Stock Futures Look to Inflation Data and Bank Earnings
U.S. stock futures started off the week with minor changes as traders eagerly awaited key economic data and earnings reports from major banks. Dow Jones Industrial Average futures dipped slightly by 0.1%, while the S&P 500 and Nasdaq 100 futures experienced marginal gains of 0.02% and 0.05% respectively. The week ahead holds crucial information regarding inflation data and earnings reports from prominent banks.
Tech Underperformance and Rising Treasury Yields Weigh on Markets
Last week, Wall Street experienced its first losing week in ten, mainly driven by underperforming mega-cap tech stocks like Apple, along with an increase in Treasury yields. The Dow Jones Industrial Average fell by 1.5%, while the S&P 500 slid 0.6%. The Nasdaq Composite, heavily influenced by tech stocks, suffered its worst weekly performance since September, tumbling 3.25%. Apple shares plummeted around 6%, and yields on the 10-year Treasury spiked above 4%.
Concerns Over Overbought Equities and Potential Correction Linger
Following the end-of-year rally, markets entered a consolidation phase, which raised concerns among investors who fear that equities have become overbought. Even with a dovish pivot from the Federal Reserve, uncertainty remains, especially after the December jobs report and meeting minutes indicating doubts about rate cuts. Chris Verrone, head of macro and technical research at Strategas, noted in a recent report, “I do think attitudes are probably getting a little too enthusiastic… That may need to get dealt with via some type of a consolidation or correction in the first quarter.”
Clarity Expected on Rate Cuts as CPI and PPI Data Released
The upcoming week will provide traders with greater insight into the Federal Reserve’s decision on rate cuts. On Thursday, the December consumer price index will be released, followed by the producer price index on Friday. These data points will indicate whether the central bank’s efforts to bring inflation down to its target of 2% are successful. As inflation remains a key factor in determining future rate cuts, the market will be paying close attention to these figures.

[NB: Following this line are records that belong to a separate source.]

(* Under the hypotheses and with the construction of the context (in particular $\lambda>0$ not a fusion value and $\|\boldsymbol\delta'_{ij}\|\le\lambda_1<\lambda$), the constructed primal–dual pair is strictly complementary: $$t_{ij}+\lambda>\|\mathbf y_{ij}+\boldsymbol\delta_{ij}\|\ \ (1\le i<j\le n),\qquad s_i+1-\gamma_i>\left\|\begin{pmatrix}\mathbf z_i+\boldsymbol\beta_i\\ u_i+\gamma_i\end{pmatrix}\right\|\ \ (1\le i\le n).$$
   Context: Data: $n\ge2$, $d\ge1$, $\mathbf a_i\in\mathbb R^d$, $r_i>0$. For $\lambda\ge0$, (P$_\lambda$): minimize $\frac12\sum_ir_i\|\mathbf x_i-\mathbf a_i\|^2+\lambda\sum_{i<j}r_ir_j\|\mathbf x_i-\mathbf x_j\|$; unique minimizer $\mathbf x^*(\lambda)$, whose clusters are the classes of $i\sim j\iff\mathbf x_i^*(\lambda)=\mathbf x_j^*(\lambda)$. $\lambda_0>0$ is a fusion value if some $i\ne j$ have $\mathbf x_i^*(\lambda_0)=\mathbf x_j^*(\lambda_0)$ but $\mathbf x_i^*(\lambda)\ne\mathbf x_j^*(\lambda)$ for all $\lambda<\lambda_0$. Fix $\lambda>0$ not a fusion value; $\lambda_1$ is the largest fusion value below $\lambda$ (or $0$); $C_1,\dots,C_K$ are the clusters of $\mathbf x^*(\lambda_1)$. $r'_k:=\sum_{i\in C_k}r_i$, $\bar{\mathbf a}_k:=\frac1{r'_k}\sum_{i\in C_k}r_i\mathbf a_i$; $(\hat{\mathbf x}_1,\dots,\hat{\mathbf x}_K)$ is the minimizer of $\frac12\sum_kr'_k\|\mathbf x_k-\bar{\mathbf a}_k\|^2+\lambda\sum_{k<k'}r'_kr'_{k'}\|\mathbf x_k-\mathbf x_{k'}\|$. Antisymmetric notation $\mathbf v_{\langle ij\rangle}=\mathbf v_{ij}$ ($i<j$), $-\mathbf v_{ji}$ ($i>j$), $\mathbf 0$ ($i=j$). Given vectors $\boldsymbol\delta'_{ij}$ for $i<j$ in a common cluster with $\|\boldsymbol\delta'_{ij}\|\le\lambda_1$ and $\mathbf a_i-\bar{\mathbf a}_k=-\sum_{j\in C_k}r_j\boldsymbol\delta'_{\langle ij\rangle}$ for $i\in C_k$, the construction is: $\mathbf x^*_i:=\hat{\mathbf x}_k$ ($i\in C_k$), $\mathbf y_{ij}:=\mathbf x_i^*-\mathbf x_j^*$, $\mathbf z_i:=\mathbf x_i^*-\mathbf a_i$, $s_i:=\frac12(1+\|\mathbf z_i\|^2)$, $u_i:=\frac12(-1+\|\mathbf z_i\|^2)$, $t_{ij}:=\|\mathbf y_{ij}\|$, $\boldsymbol\delta_{ij}:=\boldsymbol\delta'_{ij}$ for same-cluster pairs and $\lambda(\mathbf x_j^*-\mathbf x_i^* )/\|\mathbf x_j^*-\mathbf x_i^*\|$ otherwise, $\boldsymbol\beta_i:=-\mathbf z_i$, $\gamma_i:=\frac12(1-\|\boldsymbol\beta_i\|^2)$. *)

theory Defs
  imports "HOL-Analysis.Analysis"
begin

definition Pobj :: "nat \<Rightarrow> (nat \<Rightarrow> real) \<Rightarrow> (nat \<Rightarrow> 'd::euclidean_space) \<Rightarrow> real
                     \<Rightarrow> (nat \<Rightarrow> 'd) \<Rightarrow> real" where
  "Pobj n r a lam x =
     (1/2) * (\<Sum>i<n. r i * (norm (x i - a i))\<^sup>2)
     + lam * (\<Sum>i<n. \<Sum>j\<in>{i<..<n}. r i * r j * norm (x i - x j))"

definition is_minimizer :: "nat \<Rightarrow> (nat \<Rightarrow> real) \<Rightarrow> (nat \<Rightarrow> 'd::euclidean_space) \<Rightarrow> real
                     \<Rightarrow> (nat \<Rightarrow> 'd) \<Rightarrow> bool" where
  "is_minimizer n r a lam x \<longleftrightarrow> (\<forall>y. Pobj n r a lam x \<le> Pobj n r a lam y)"

text \<open>Fusion value, w.r.t. the solution path xs (xs mu = x*(mu) for mu \<ge> 0).\<close>
definition is_fusion :: "nat \<Rightarrow> (real \<Rightarrow> nat \<Rightarrow> 'd) \<Rightarrow> real \<Rightarrow> bool" where
  "is_fusion n xs lam0 \<longleftrightarrow> lam0 > 0 \<and>
     (\<exists>i<n. \<exists>j<n. i \<noteq> j \<and> xs lam0 i = xs lam0 j \<and>
        (\<forall>mu. 0 \<le> mu \<and> mu < lam0 \<longrightarrow> xs mu i \<noteq> xs mu j))"

definition anti :: "(nat \<Rightarrow> nat \<Rightarrow> 'a::ab_group_add) \<Rightarrow> nat \<Rightarrow> nat \<Rightarrow> 'a" where
  "anti v i j = (if i < j then v i j else if j < i then - v j i else 0)"

end

theory Submission
  imports Defs
begin

text \<open>Inside a cluster
  \<open>y\<^sub>i\<^sub>j = 0\<close>, so the first one reduces to \<open>\<parallel>\<delta>'\<^sub>i\<^sub>j\<parallel> \<le> \<lambda>\<^sub>1 < \<lambda>\<close>; across clusters
  \<open>y\<^sub>i\<^sub>j + \<delta>\<^sub>i\<^sub>j\<close> is a multiple of \<open>y\<^sub>i\<^sub>j\<close> of length \<open>|\<lambda> - t\<^sub>i\<^sub>j|\<close>. In the cone
  constraints \<open>\<beta>\<^sub>i = -z\<^sub>i\<close> and \<open>\<gamma>\<^sub>i = -u\<^sub>i\<close>, so the right-hand side vanishes while the
  left-hand side is \<open>1 + \<parallel>z\<^sub>i\<parallel>\<^sup>2\<close>.\<close>

lemma norm_minus_plus_rescaled_lt:
  fixes d :: "'a::real_normed_vector"
  assumes "lam > 0"
  shows "norm (- d + (lam / norm d) *\<^sub>R d) < norm d + lam"
proof (cases "d = 0")
  case True
  then show ?thesis using assms by simp
next
  case False
  then have "norm d > 0" by simp
  have "- d + (lam / norm d) *\<^sub>R d = (lam / norm d - 1) *\<^sub>R d"
    by (simp add: algebra_simps)
  also have "norm \<dots> = \<bar>lam - norm d\<bar>"
    using \<open>norm d > 0\<close> by (simp add: abs_mult[symmetric] field_simps)
  finally show ?thesis using \<open>norm d > 0\<close> assms by linarith
qed

lemma norm_minus_self_pair_lt:
  fixes z :: "'a::real_normed_vector"
  shows "let s = (1 + (norm z)\<^sup>2) / 2; u = (-1 + (norm z)\<^sup>2) / 2;
             beta = - z; gamma = (1 - (norm beta)\<^sup>2) / 2
         in s + 1 - gamma > norm (z + beta, u + gamma)"
proof -
  have "(z + - z, (-1 + (norm z)\<^sup>2) / 2 + (1 - (norm z)\<^sup>2) / 2) = 0"
    by (simp add: zero_prod_def field_simps)
  moreover have "(1 + (norm z)\<^sup>2) / 2 + 1 - (1 - (norm z)\<^sup>2) / 2 > 0"
    by (simp add: field_simps add_pos_nonneg)
  ultimately show ?thesis unfolding Let_def norm_minus_cancel by (metis norm_zero)
qed

theorem lemma6p5:
  fixes n K :: nat and a :: "nat \<Rightarrow> 'd::euclidean_space" and r :: "nat \<Rightarrow> real"
    and xs :: "real \<Rightarrow> nat \<Rightarrow> 'd" and lam lam1 :: real
    and C :: "nat \<Rightarrow> nat set" and xhat :: "nat \<Rightarrow> 'd"
    and delta' delta :: "nat \<Rightarrow> nat \<Rightarrow> 'd" and xst :: "nat \<Rightarrow> 'd"
  assumes n2: "n \<ge> 2"
    and rpos: "\<forall>i<n. r i > 0"
    and xs_min: "\<forall>mu\<ge>0. is_minimizer n r a mu (xs mu)"
    and lam_pos: "lam > 0"
    and lam_nf: "\<not> is_fusion n xs lam"
    and lam1_nonneg: "lam1 \<ge> 0" and lam1_lt: "lam1 < lam"
    and lam1_fus: "lam1 > 0 \<longrightarrow> is_fusion n xs lam1"
    and lam1_max: "\<forall>mu. is_fusion n xs mu \<and> mu < lam \<longrightarrow> mu \<le> lam1"
    and C_clusters: "bij_betw C {..<K} {{j. j < n \<and> xs lam1 j = xs lam1 i} | i. i < n}"
    and xhat_min: "is_minimizer K (\<lambda>k. \<Sum>i\<in>C k. r i)
                     (\<lambda>k. (1 / (\<Sum>i\<in>C k. r i)) *\<^sub>R (\<Sum>i\<in>C k. r i *\<^sub>R a i)) lam xhat"
    and delta'_bd: "\<forall>k<K. \<forall>i\<in>C k. \<forall>j\<in>C k. i < j \<longrightarrow> norm (delta' i j) \<le> lam1"
    and delta'_eq: "\<forall>k<K. \<forall>i\<in>C k.
          a i - (1 / (\<Sum>l\<in>C k. r l)) *\<^sub>R (\<Sum>l\<in>C k. r l *\<^sub>R a l)
          = - (\<Sum>j\<in>C k. r j *\<^sub>R anti delta' i j)"
    and xst_def: "\<forall>k<K. \<forall>i\<in>C k. xst i = xhat k"
    and delta_def: "\<forall>i j. i < j \<and> j < n \<longrightarrow>
          ((\<exists>k<K. i \<in> C k \<and> j \<in> C k) \<longrightarrow> delta i j = delta' i j) \<and>
          (\<not> (\<exists>k<K. i \<in> C k \<and> j \<in> C k) \<longrightarrow>
             delta i j = (lam / norm (xst j - xst i)) *\<^sub>R (xst j - xst i))"
  shows "(\<forall>i j. i < j \<and> j < n \<longrightarrow>
            norm (xst i - xst j) + lam > norm ((xst i - xst j) + delta i j))
       \<and> (\<forall>i<n. let z = xst i - a i;
                   s = (1 + (norm z)\<^sup>2) / 2;
                   u = (-1 + (norm z)\<^sup>2) / 2;
                   beta = - z;
                   gamma = (1 - (norm beta)\<^sup>2) / 2
               in s + 1 - gamma > norm (z + beta, u + gamma))"
proof (intro conjI allI impI)
  fix i j assume ij: "i < j \<and> j < n"
  show "norm (xst i - xst j) + lam > norm ((xst i - xst j) + delta i j)"
  proof (cases "\<exists>k<K. i \<in> C k \<and> j \<in> C k")
    case True
    then obtain k where k: "k < K" "i \<in> C k" "j \<in> C k" by blast
    then have "xst i = xst j" and "norm (delta' i j) \<le> lam1"
      using xst_def delta'_bd ij by auto
    then show ?thesis using delta_def ij True lam1_lt by simp
  next
    case False
    then have "delta i j = (lam / norm (xst j - xst i)) *\<^sub>R (xst j - xst i)"
      using delta_def ij by blast
    then show ?thesis
      using norm_minus_plus_rescaled_lt[OF lam_pos, of "xst j - xst i"]
      by (simp add: norm_minus_commute)
  qed
next
  fix i
  show "let z = xst i - a i; s = (1 + (norm z)\<^sup>2) / 2; u = (-1 + (norm z)\<^sup>2) / 2;
            beta = - z; gamma = (1 - (norm beta)\<^sup>2) / 2
        in s + 1 - gamma > norm (z + beta, u + gamma)"
    using norm_minus_self_pair_lt[of "xst i - a i"] unfolding Let_def .
qed

end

Earnings Season Begins with Big Banks and Other Major Companies
This week marks the beginning of the latest corporate earnings season, starting with the release of financial results from major banks. Bank of America, Citigroup, JPMorgan Chase, and Wells Fargo are among the prominent institutions reporting their earnings. Additionally, Dow component UnitedHealth will also disclose its financial performance. The market will closely scrutinize these reports as they provide insights into the health and profitability of the financial sector. Other significant companies, such as BlackRock and Delta Air Lines, will also release their earnings data, further setting the tone for the overall market sentiments.
Analyst comment
Positive news: The upcoming week will provide clarity on rate cuts and offer insights into the health and profitability of the financial sector as major banks and companies release their earnings reports. This will help to determine the market sentiments.
Short analysis: The market is expected to react to key economic data and earnings reports from major banks and companies, influencing sentiment and potentially leading to market consolidation or correction in the first quarter. Investors will closely watch inflation data and rate cut decisions by the Federal Reserve.